J Biochem. 2006 Nov;140(5):649-56. doi: 10.1093/jb/mvj192. Epub 2006 Sep 20.
Structural stabilities of myoglobin (Mb) from several fish (scombridae) species differ significantly, although their amino acid sequence identity is very high (>95%), suggesting that only a few substitutions greatly affect the stability of Mb. Accordingly, recombinant Mbs with point mutation(s) derived from bigeye tuna Mb cDNA were expressed as GST-fusion proteins in the soluble fractions of Escherichia coli. After removal of the GST segment, the stability of five mutants, namely, P13A, I21M, V57I, A62G, and I21M/V57I, together with the wild type (WT) were investigated, taking temperature dependency of alpha-helical content and denaturant concentration dependency of Soret band absorbance as parameters. As a result, the stability of P13A against denaturants and its alpha-helical content at 10 degrees C was found to be the highest among the mutants, whereas those of A62G were the lowest. The stabilities of V57I and I21M/V57I were higher than that of WT, though that of I21M was nearly the same as WT. These findings suggest that the structural stability of fish Mb is tuned up only by the substitutions of a few amino acid residues located in the alpha-helical segments forming the hydrophobic heme pocket.
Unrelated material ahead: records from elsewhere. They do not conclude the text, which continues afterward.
(* Let $r\ge1$ and consider the linear program $\mathrm{LP}_r$ over $\mathbb K$ described in the context. For every $\lambda\in\mathbb R$, let $\boldsymbol\mu=t^\lambda$. Then the valuation of the primal part $(\mathbf u,\mathbf v,\mathbf z,\mathbf z',\mathbf h)$ of the point with parameter $\boldsymbol\mu$ of the Hardy central path of $\mathrm{LP}_r$ equals $(u(\lambda),v(\lambda),z(\lambda),z'(\lambda),h(\lambda))$. These are given by: $u_0(\lambda)=1$, $v_0(\lambda)=\min(2,\lambda)$; $(u_i(\lambda),v_i(\lambda))=\big(1+\min(u_{i-1}(\lambda),v_{i-1}(\lambda)),\,1-2^{-i}+\max(u_{i-1}(\lambda),v_{i-1}(\lambda))\big)$ for $1\le i\le r$; $z_0(\lambda)=1$, $h_0(\lambda)=2$; and $z_i(\lambda)=1+u_{i-1}(\lambda)$, $z'_i(\lambda)=1+v_{i-1}(\lambda)$, $h_i(\lambda)=v_i(\lambda)$ for $1\le i\le r$.
   Context: $\mathbb K$ is the real closed field of germs at $+\infty$ of real functions definable in $\bar{\mathbb R}^{\mathbb R}$, the ordered real field expanded by the power functions $t\mapsto t^r$. It contains the germs $t^\alpha$. $\mathrm{val}(\mathbf f)=\lim_{t\to\infty}\log|\mathbf f(t)|/\log t$, applied entrywise. $\mathrm{LP}_r$ has decision variables $\mathbf x=(\mathbf u_0,\mathbf v_0,\dots,\mathbf u_r,\mathbf v_r)$ and slack variables $\mathbf w=(\mathbf z_0,\mathbf h_0,\mathbf z_1,\mathbf z'_1,\mathbf h_1,\dots,\mathbf z_r,\mathbf z'_r,\mathbf h_r)$, all required to be $\ge0$. The problem is: minimize $\mathbf v_0$ subject to - $\mathbf u_0+\mathbf z_0=t$ and $\mathbf v_0+\mathbf h_0=t^2$; - for $1\le i\le r$: $\mathbf u_i+\mathbf z_i=t\mathbf u_{i-1}$, $\mathbf u_i+\mathbf z'_i=t\mathbf v_{i-1}$, and $\mathbf v_i+\mathbf h_i=t^{1-2^{-i}}(\mathbf u_{i-1}+\mathbf v_{i-1})$. This is of the form: minimize $\mathbf c^T\mathbf x$ subject to $\mathbf A\mathbf x+\mathbf w=\mathbf b$, $\mathbf x,\mathbf w\ge0$, with $\mathbf c=e_{\mathbf v_0}$. It is strictly feasible and has bounded feasible set. For each positive $\boldsymbol\mu\in\mathbb K$, its Hardy central path point is the unique solution $(\mathbf x,\mathbf w,\mathbf y,\mathbf s)$ over $\mathbb K$ of $\mathbf A\mathbf x+\mathbf w=\mathbf b$, $-\mathbf A^T\mathbf y+\mathbf s=\mathbf c$, $\mathbf w_i\mathbf y_i=\mathbf x_j\mathbf s_j=\boldsymbol\mu$ for all $i,j$, $\mathbf x,\mathbf w,\mathbf y,\mathbf s>0$. Its primal part is $(\mathbf x,\mathbf w)$. *)

theory Defs
  imports Complex_Main
begin

definition coef :: "real \<Rightarrow> nat \<Rightarrow> real" where
  "coef t i = t powr (1 - 1 / 2 ^ i)"

text \<open>Central path system of LP_r, instantiated at a real value t of the germ variable,
  with barrier parameter mu.  Primal: u, v (decision), z, z', h (slacks), indexed by
  0..r (z' only 1..r).  Dual: ya (rows u_i + z_i = ..; ya 0 is the row u_0 + z_0 = t),
  ya' (rows u_i + z'_i = .., i = 1..r), yb (rows v_i + h_i = ..; yb 0 is the row v_0 + h_0 = t^2),
  su, sv (dual slacks of u, v).  Dual equation: -A^T y + s = c, i.e. s = c + A^T y,
  with c = e_(v_0).\<close>
definition cp_system ::
  "nat \<Rightarrow> real \<Rightarrow> real \<Rightarrow>
   (nat \<Rightarrow> real) \<Rightarrow> (nat \<Rightarrow> real) \<Rightarrow> (nat \<Rightarrow> real) \<Rightarrow> (nat \<Rightarrow> real) \<Rightarrow> (nat \<Rightarrow> real) \<Rightarrow>
   (nat \<Rightarrow> real) \<Rightarrow> (nat \<Rightarrow> real) \<Rightarrow> (nat \<Rightarrow> real) \<Rightarrow> (nat \<Rightarrow> real) \<Rightarrow> (nat \<Rightarrow> real) \<Rightarrow> bool"
where
  "cp_system r t mu u v z z' h ya ya' yb su sv \<longleftrightarrow>
     \<comment> \<open>primal equations\<close>
     u 0 + z 0 = t \<and> v 0 + h 0 = t ^ 2 \<and>
     (\<forall>i\<in>{1..r}. u i + z i = t * u (i - 1) \<and> u i + z' i = t * v (i - 1) \<and>
                   v i + h i = coef t i * (u (i - 1) + v (i - 1))) \<and>
     \<comment> \<open>dual equations s = c + A^T y\<close>
     (\<forall>i\<in>{0..r}.
        su i = (if i = 0 then ya 0 else ya i + ya' i)
               - (if i < r then t * ya (i + 1) + coef t (i + 1) * yb (i + 1) else 0) \<and>
        sv i = (if i = 0 then 1 else 0) + yb i
               - (if i < r then t * ya' (i + 1) + coef t (i + 1) * yb (i + 1) else 0)) \<and>
     \<comment> \<open>centrality\<close>
     (\<forall>i\<in>{0..r}. z i * ya i = mu \<and> h i * yb i = mu \<and> u i * su i = mu \<and> v i * sv i = mu) \<and>
     (\<forall>i\<in>{1..r}. z' i * ya' i = mu) \<and>
     \<comment> \<open>positivity\<close>
     (\<forall>i\<in>{0..r}. u i > 0 \<and> v i > 0 \<and> z i > 0 \<and> h i > 0 \<and>
                   ya i > 0 \<and> yb i > 0 \<and> su i > 0 \<and> sv i > 0) \<and>
     (\<forall>i\<in>{1..r}. z' i > 0 \<and> ya' i > 0)"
几种鲭科鱼类的肌红蛋白(Mb)的结构稳定性存在显著差异,尽管它们的氨基酸序列同一性非常高(>95%),这表明只有少数几个氨基酸替换会极大地影响Mb的稳定性。因此,将源自大眼金枪鱼Mb cDNA的点突变重组Mb作为GST融合蛋白在大肠杆菌的可溶性组分中表达。去除GST片段后,以α-螺旋含量的温度依赖性和Soret带吸光度的变性剂浓度依赖性为参数,研究了五个突变体(即P13A、I21M、V57I、A62G和I21M/V57I)以及野生型(WT)的稳定性。结果发现,在突变体中,P13A对变性剂的稳定性及其在10℃时的α-螺旋含量最高,而A62G的则最低。V57I和I21M/V57I的稳定性高于WT,不过I21M的稳定性与WT几乎相同。这些发现表明,鱼类Mb的结构稳定性仅通过位于形成疏水血红素口袋的α-螺旋片段中的少数几个氨基酸残基的替换来调节。